text \<open>Both sides of \<open>\<langle>M x, y\<rangle> = \<langle>x, M y\<rangle>\<close> are iterated sums of
  \<open>g i j = cnj (M i j) cnj (x j) y i\<close>, absolutely summable since \<open>|g i j| \<le> |M i j|\<^sup>2 + |y i|\<^sup>2 |x j|\<^sup>2\<close>.\<close>

lemma Hilbert_Schmidt_matrix_op_selfadjoint:
  assumes HS: "(\<lambda>(i, j). (cmod (M i j))\<^sup>2) summable_on UNIV"
    and le: "(\<Sum>\<^sub>\<infinity>(i, j). (cmod (M i j))\<^sup>2) \<le> 1"
    and herm: "\<And>i j. M i j = cnj (M j i)"
  shows "l2_selfadjoint (matrix_op M)"
  unfolding l2_selfadjoint_def
proof (intro conjI ballI)
  note R = Hilbert_Schmidt_rows[OF HS le]
  show lin: "l2_linear (matrix_op M)" using Hilbert_Schmidt_matrix_op[OF HS le] by blast
  fix x y assume x: "x \<in> l2" and y: "y \<in> l2"
  define g where "g i j = cnj (M i j) * cnj (x j) * y i" for i j
  have "((\<lambda>(i, j). (cmod (y i))\<^sup>2 * (cmod (x j))\<^sup>2) has_sum (\<Sum>i. (cmod (y i))\<^sup>2 * l2_normsq x)) UNIV"
    using y
    by (intro nonneg_double_series_has_sum[where r = "\<lambda>i. (cmod (y i))\<^sup>2 * l2_normsq x"]
        sums_mult l2_normsq_sums[OF x] summable_mult2) (auto simp: in_l2_iff)
  hence "(\<lambda>(i, j). (cmod (y i))\<^sup>2 * (cmod (x j))\<^sup>2) summable_on UNIV" by (rule has_sum_imp_summable)
  hence bound_summable:
    "(\<lambda>(i, j). (cmod (M i j))\<^sup>2 + (cmod (y i))\<^sup>2 * (cmod (x j))\<^sup>2) summable_on UNIV"
    using summable_on_add[OF HS] by (simp add: case_prod_unfold)
  have bound: "norm (g i j) \<le> (cmod (M i j))\<^sup>2 + (cmod (y i))\<^sup>2 * (cmod (x j))\<^sup>2" for i j
  proof -
    have "norm (g i j) = cmod (M i j) * (cmod (y i) * cmod (x j))" by (simp add: g_def norm_mult mult_ac)
    also have "\<dots> \<le> (cmod (M i j))\<^sup>2 + (cmod (y i) * cmod (x j))\<^sup>2"
    proof -
      have "0 \<le> cmod (M i j) * (cmod (y i) * cmod (x j))" by simp
      thus ?thesis using sum_squares_bound[of "cmod (M i j)" "cmod (y i) * cmod (x j)"] by linarith
    qed
    finally show ?thesis by (simp add: power_mult_distrib)
  qed
  have abs: "(\<lambda>(i, j). norm (g i j)) summable_on UNIV"
    by (rule summable_on_comparison_test[OF bound_summable]) (use bound in auto)
  have row_sums: "(\<lambda>j. M i j * z j) sums matrix_op M z i" if "z \<in> l2" for i z
    using l2_inner_sums[OF R(1) that, of i] by (simp add: matrix_row_def matrix_op_eq_l2_inner)
  have "(\<lambda>j. g i j) sums (cnj (matrix_op M x i) * y i)" for i
    using sums_mult2[OF sums_cnj[THEN iffD2, OF row_sums[OF x, of i]], of "y i"] by (simp add: g_def)
  hence rows: "(\<Sum>j. g i j) = cnj (matrix_op M x i) * y i" for i by (simp add: sums_iff)
  have "(\<lambda>i. g i j) sums (cnj (x j) * matrix_op M y j)" for j
    using sums_mult[OF row_sums[OF y, of j], of "cnj (x j)"] herm[of j] by (simp add: g_def mult_ac)
  hence cols: "(\<Sum>i. g i j) = cnj (x j) * matrix_op M y j" for j by (simp add: sums_iff)
  have "l2_inner (matrix_op M x) y = (\<Sum>\<^sub>\<infinity>(i, j). g i j)"
    using double_series_sums(2)[OF abs] unfolding rows l2_inner_def by (simp add: sums_iff)
  also have "\<dots> = l2_inner x (matrix_op M y)"
    using double_series_sums(3)[OF abs] unfolding cols l2_inner_def by (simp add: sums_iff)
  finally show "l2_inner (matrix_op M x) y = l2_inner x (matrix_op M y)" .
qed

section \<open>Positivity from the moment conditions\<close>

lemma selfadjoint_normsq_funpow_log_convex:
  assumes C: "l2_selfadjoint C" and x: "x \<in> l2"
  shows "(l2_normsq ((C ^^ Suc k) x))\<^sup>2 \<le> l2_normsq ((C ^^ k) x) * l2_normsq ((C ^^ Suc (Suc k)) x)"
proof -
  have lin: "l2_linear C" using C by (rule l2_selfadjointD)
  have "complex_of_real (l2_normsq ((C ^^ Suc k) x)) = l2_inner ((C ^^ Suc k) x) ((C ^^ Suc k) x)"
    by (rule l2_inner_self[OF funpow_in_l2[OF lin x], symmetric])
  also have "\<dots> = l2_inner ((C ^^ k) x) ((C ^^ Suc (Suc k)) x)"
    using l2_inner_funpow_add[OF C x x, of "Suc k" "Suc k"] l2_inner_funpow_add[OF C x x, of k "Suc (Suc k)"]
    by simp
  finally have "(l2_normsq ((C ^^ Suc k) x))\<^sup>2 = (cmod (l2_inner ((C ^^ k) x) ((C ^^ Suc (Suc k)) x)))\<^sup>2"
    using l2_normsq_nonneg[OF funpow_in_l2[OF lin x]] by (metis norm_of_real abs_of_nonneg)
  also have "\<dots> \<le> l2_normsq ((C ^^ k) x) * l2_normsq ((C ^^ Suc (Suc k)) x)"
    using funpow_in_l2[OF lin x] funpow_in_l2[OF lin x] by (rule l2_Cauchy_Schwarz)
  finally show ?thesis .
qed

lemma selfadjoint_normsq_funpow_ratio:
  assumes C: "l2_selfadjoint C" and x: "x \<in> l2" and pos: "0 < l2_normsq x" and q: "0 < q"
    and base: "q * l2_normsq x \<le> l2_normsq (C x)"
  shows "q * l2_normsq ((C ^^ k) x) \<le> l2_normsq ((C ^^ Suc k) x) \<and> 0 < l2_normsq ((C ^^ k) x)"
proof (induction k)
  case 0 thus ?case using base pos by simp
next
  case (Suc k)
  define a where "a = l2_normsq ((C ^^ k) x)"
  define b where "b = l2_normsq ((C ^^ Suc k) x)"
  define c where "c = l2_normsq ((C ^^ Suc (Suc k)) x)"
  have a: "0 < a" and ab: "q * a \<le> b" using Suc.IH unfolding a_def b_def by auto
  have b: "0 < b" using a ab q by (smt (verit) mult_pos_pos)
  have "a * (q * b) \<le> b * b" using ab b by (simp add: mult_right_mono mult_ac)
  also have "\<dots> \<le> a * c"
    using selfadjoint_normsq_funpow_log_convex[OF C x, of k] unfolding a_def b_def c_def
    by (simp add: power2_eq_square)
  finally have "q * b \<le> c" using a by simp
  thus ?case using b unfolding b_def c_def by simp
qed

lemma selfadjoint_normsq_funpow_geometric:
  assumes C: "l2_selfadjoint C" and x: "x \<in> l2" and pos: "0 < l2_normsq x" and q: "0 < q"
    and base: "q * l2_normsq x \<le> l2_normsq (C x)"
  shows "q ^ k * l2_normsq x \<le> l2_normsq ((C ^^ k) x)"
proof (induction k)
  case 0 thus ?case by simp
next
  case (Suc k)
  have "q ^ Suc k * l2_normsq x \<le> q * l2_normsq ((C ^^ k) x)" using Suc.IH q by simp
  also have "\<dots> \<le> l2_normsq ((C ^^ Suc k) x)" using selfadjoint_normsq_funpow_ratio[OF assms] by blast
  finally show ?case .
qed

lemma normsq_ge_of_compl_op:
  assumes A: "l2_selfadjoint A" and z: "z \<in> l2" and d: "0 \<le> d"
    and g: "(1 + d)\<^sup>2 * l2_normsq z \<le> l2_normsq (compl_op A z)"
  shows "d\<^sup>2 * l2_normsq z \<le> l2_normsq (A z)"
proof -
  have Cz: "compl_op A z \<in> l2"
    using l2_linear_compl_op[OF l2_selfadjointD(1)[OF A]] z by (rule l2_linearD)
  define a where "a = sqrt (l2_normsq z)"
  define b where "b = sqrt (l2_normsq (compl_op A z))"
  have a: "0 \<le> a" "a\<^sup>2 = l2_normsq z" unfolding a_def using l2_normsq_nonneg[OF z] by simp_all
  have b: "0 \<le> b" "b\<^sup>2 = l2_normsq (compl_op A z)"
    unfolding b_def using l2_normsq_nonneg[OF Cz] by simp_all
  have "sqrt ((1 + d)\<^sup>2 * l2_normsq z) \<le> b" unfolding b_def using g by (rule real_sqrt_le_mono)
  hence "(1 + d) * a \<le> b" unfolding a_def using d by (simp add: real_sqrt_mult)
  hence "(d * a)\<^sup>2 \<le> (b - a)\<^sup>2" using d a by (intro power_mono) (simp_all add: algebra_simps)
  also have "(b - a)\<^sup>2 = a\<^sup>2 - 2 * (a * b) + b\<^sup>2" by (simp add: power2_eq_square algebra_simps)
  also have "\<dots> \<le> l2_normsq (\<lambda>n. z n - compl_op A z n)"
  proof -
    have "(Re (l2_inner z (compl_op A z)))\<^sup>2 \<le> (a * b)\<^sup>2"
      using l2_Cauchy_Schwarz_Re[OF z Cz] a b by (simp add: power_mult_distrib)
    hence "Re (l2_inner z (compl_op A z)) \<le> a * b" by (rule power2_le_imp_le) (simp add: a b)
    thus ?thesis unfolding l2_normsq_diff[OF z Cz] a b by simp
  qed
  also have "(\<lambda>n. z n - compl_op A z n) = A z" by (simp add: compl_op_def)
  finally show ?thesis using a by (simp add: power_mult_distrib)
qed

lemma normsq_A_funpow_compl_op_unbounded:
  assumes A: "l2_selfadjoint A" and x: "x \<in> l2" and neg: "Re (l2_inner x (A x)) < 0"
  obtains m where "l2_normsq x < l2_normsq (A ((compl_op A ^^ m) x))"
proof -
  have lin: "l2_linear A" using A by (rule l2_selfadjointD)
  have C: "l2_selfadjoint (compl_op A)" using A by (rule l2_selfadjoint_compl_op)
  have Ax: "A x \<in> l2" and Cx: "compl_op A x \<in> l2"
    using lin l2_linear_compl_op[OF lin] x by (simp_all add: l2_linearD)
  define nx where "nx = l2_normsq x"
  have "nx \<noteq> 0"
    using l2_Cauchy_Schwarz[OF x Ax] neg complex_Re_le_cmod[of "l2_inner x (A x)"] unfolding nx_def by auto
  hence nx: "0 < nx" using l2_normsq_nonneg[OF x] unfolding nx_def by simp
  define d where "d = - Re (l2_inner x (A x)) / nx"
  define q where "q = (1 + d)\<^sup>2"
  have d: "0 < d" unfolding d_def using neg nx by (simp add: divide_neg_pos)
  hence q: "1 < q" unfolding q_def by (simp add: one_less_power)
  have "Re (l2_inner x (compl_op A x)) = (1 + d) * nx"
    unfolding compl_op_def l2_inner_diff_right[OF x x Ax] l2_inner_self[OF x]
    using nx by (simp add: d_def nx_def algebra_simps)
  hence "((1 + d) * nx)\<^sup>2 \<le> nx * l2_normsq (compl_op A x)"
    using l2_Cauchy_Schwarz_Re[OF x Cx] unfolding nx_def by simp
  hence base: "q * nx \<le> l2_normsq (compl_op A x)" using nx by (simp add: q_def power2_eq_square mult_ac)
  obtain m where m: "1 / d\<^sup>2 < q ^ m" using real_arch_pow[OF q] by blast
  define z where "z = (compl_op A ^^ m) x"
  have "q * l2_normsq z \<le> l2_normsq (compl_op A z)"
    using selfadjoint_normsq_funpow_ratio[OF C x _ _ base[unfolded nx_def], of m] nx q
    unfolding z_def nx_def by simp
  hence lower: "d\<^sup>2 * l2_normsq z \<le> l2_normsq (A z)"
    unfolding q_def using normsq_ge_of_compl_op[OF A _ less_imp_le[OF d]]
      funpow_in_l2[OF l2_linear_compl_op[OF lin] x] z_def by simp
  have "nx < (d\<^sup>2 * q ^ m) * nx" using m d nx by (simp add: field_simps)
  also have "\<dots> \<le> d\<^sup>2 * l2_normsq z"
    using selfadjoint_normsq_funpow_geometric[OF C x _ _ base[unfolded nx_def], of m] nx q
    unfolding z_def nx_def by (simp add: mult_left_mono mult.assoc)
  finally have "nx < l2_normsq (A z)" using lower by linarith
  thus ?thesis unfolding nx_def z_def by (rule that)
qed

Work to be completed | How many of the lines above include the string "that"? Only the number should be written.

Answer below | 2